ME: Old Spice. Just like you said to.
HER: I said ALL spice, you idiot!
Seems a lot like 2021 keeps asking, “What would 2020 do?”
Thanks, spell check, that’s what I meant: Edgar Allen Pie.
Friend: Are you on social media?
Me, panicked: What’s a Twitter? Never heard of it. Nice foot clothes you’re wearing today.
What’s the best martial art to teach a child? Nothing too aggressive; I just want my son to be able to defend himself. He’s 8 months old
Every time you go away, you take a piece of me with you.
“Awww…. you’re so sweet”.
No seriously, first my hoodie disappears, then my phone charger vanishes, and now my AirPods have vaporized.

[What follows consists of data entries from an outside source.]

definition diagonals :: "nat \<Rightarrow> diag set" where
  "diagonals n = {d. is_diag n d}"

definition crosses :: "diag \<Rightarrow> diag \<Rightarrow> bool" where
  "crosses d e = ((fst d < fst e \<and> fst e < snd d \<and> snd d < snd e)
                \<or> (fst e < fst d \<and> fst d < snd e \<and> snd e < snd d))"

definition noncrossing :: "nat \<Rightarrow> diag set \<Rightarrow> bool" where
  "noncrossing n D = (D \<subseteq> diagonals n \<and> (\<forall>d\<in>D. \<forall>e\<in>D. \<not> crosses d e))"

definition triangulation :: "nat \<Rightarrow> diag set \<Rightarrow> bool" where
  "triangulation n T = (noncrossing n T \<and> card T = n - 3)"

text \<open>Points of R^D are functions diag => real vanishing off the diagonals.\<close>
definition Phi_T :: "nat \<Rightarrow> diag set \<Rightarrow> diag \<Rightarrow> real" where
  "Phi_T n T = (\<lambda>d. if d \<in> T then 1 / real (n - 3) else 0)"

definition Phi :: "nat \<Rightarrow> diag set \<Rightarrow> diag \<Rightarrow> real" where
  "Phi n D = (\<lambda>d. (\<Sum>T\<in>{T. triangulation n T \<and> D \<subseteq> T}. Phi_T n T d)
                    / real (card {T. triangulation n T \<and> D \<subseteq> T}))"

definition chamber :: "nat \<Rightarrow> (diag \<Rightarrow> real) set" where
  "chamber n = {x. (\<forall>d. 0 \<le> x d) \<and> (\<forall>d. d \<notin> diagonals n \<longrightarrow> x d = 0)
                   \<and> (\<Sum>d\<in>diagonals n. x d) = 1}"

definition nc_chain :: "nat \<Rightarrow> diag set set \<Rightarrow> bool" where
  "nc_chain n C = (finite C \<and> C \<noteq> {} \<and> (\<forall>D\<in>C. noncrossing n D)
                   \<and> (\<forall>D\<in>C. \<forall>D'\<in>C. D \<subseteq> D' \<or> D' \<subseteq> D))"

If she says “I have a question but don’t lie”, just know that she already has eight photos, three witnesses, a voice message and eighty six screenshots.
Yes,I put my kid on a leash. I’m not scared of her being abducted. I just REALLY wanted a puppy instead.
Brain: Let’s play a game.
Me: What?
Brain: Remember where you parked before the ice cream melts.
Me: Fuuuuu……
“Members of the jury, how do u find the defendant?”
“we… can’t find him at all”
“DAMMIT THIS IS THE 3RD MURDER WALDO HAS GOTTEN AWAY WITH”
Of all my mistakes, you were the mistakiest
[Block Party]
Me: The Johnsons brought hotdogs.
Host: Just toss them on the fire.
[Later]
Host: Why are the hotdogs still frozen?
Me: Good news! We won’t have to worry about the Johnsons playing loud music at night!
[Being murdered at Walmart]
Please will you dump my dead body at Target people can’t know I shopped here
They’re called violin bows not fiddle sticks.
obi-wan: anakin has turned to the dark side what should we do???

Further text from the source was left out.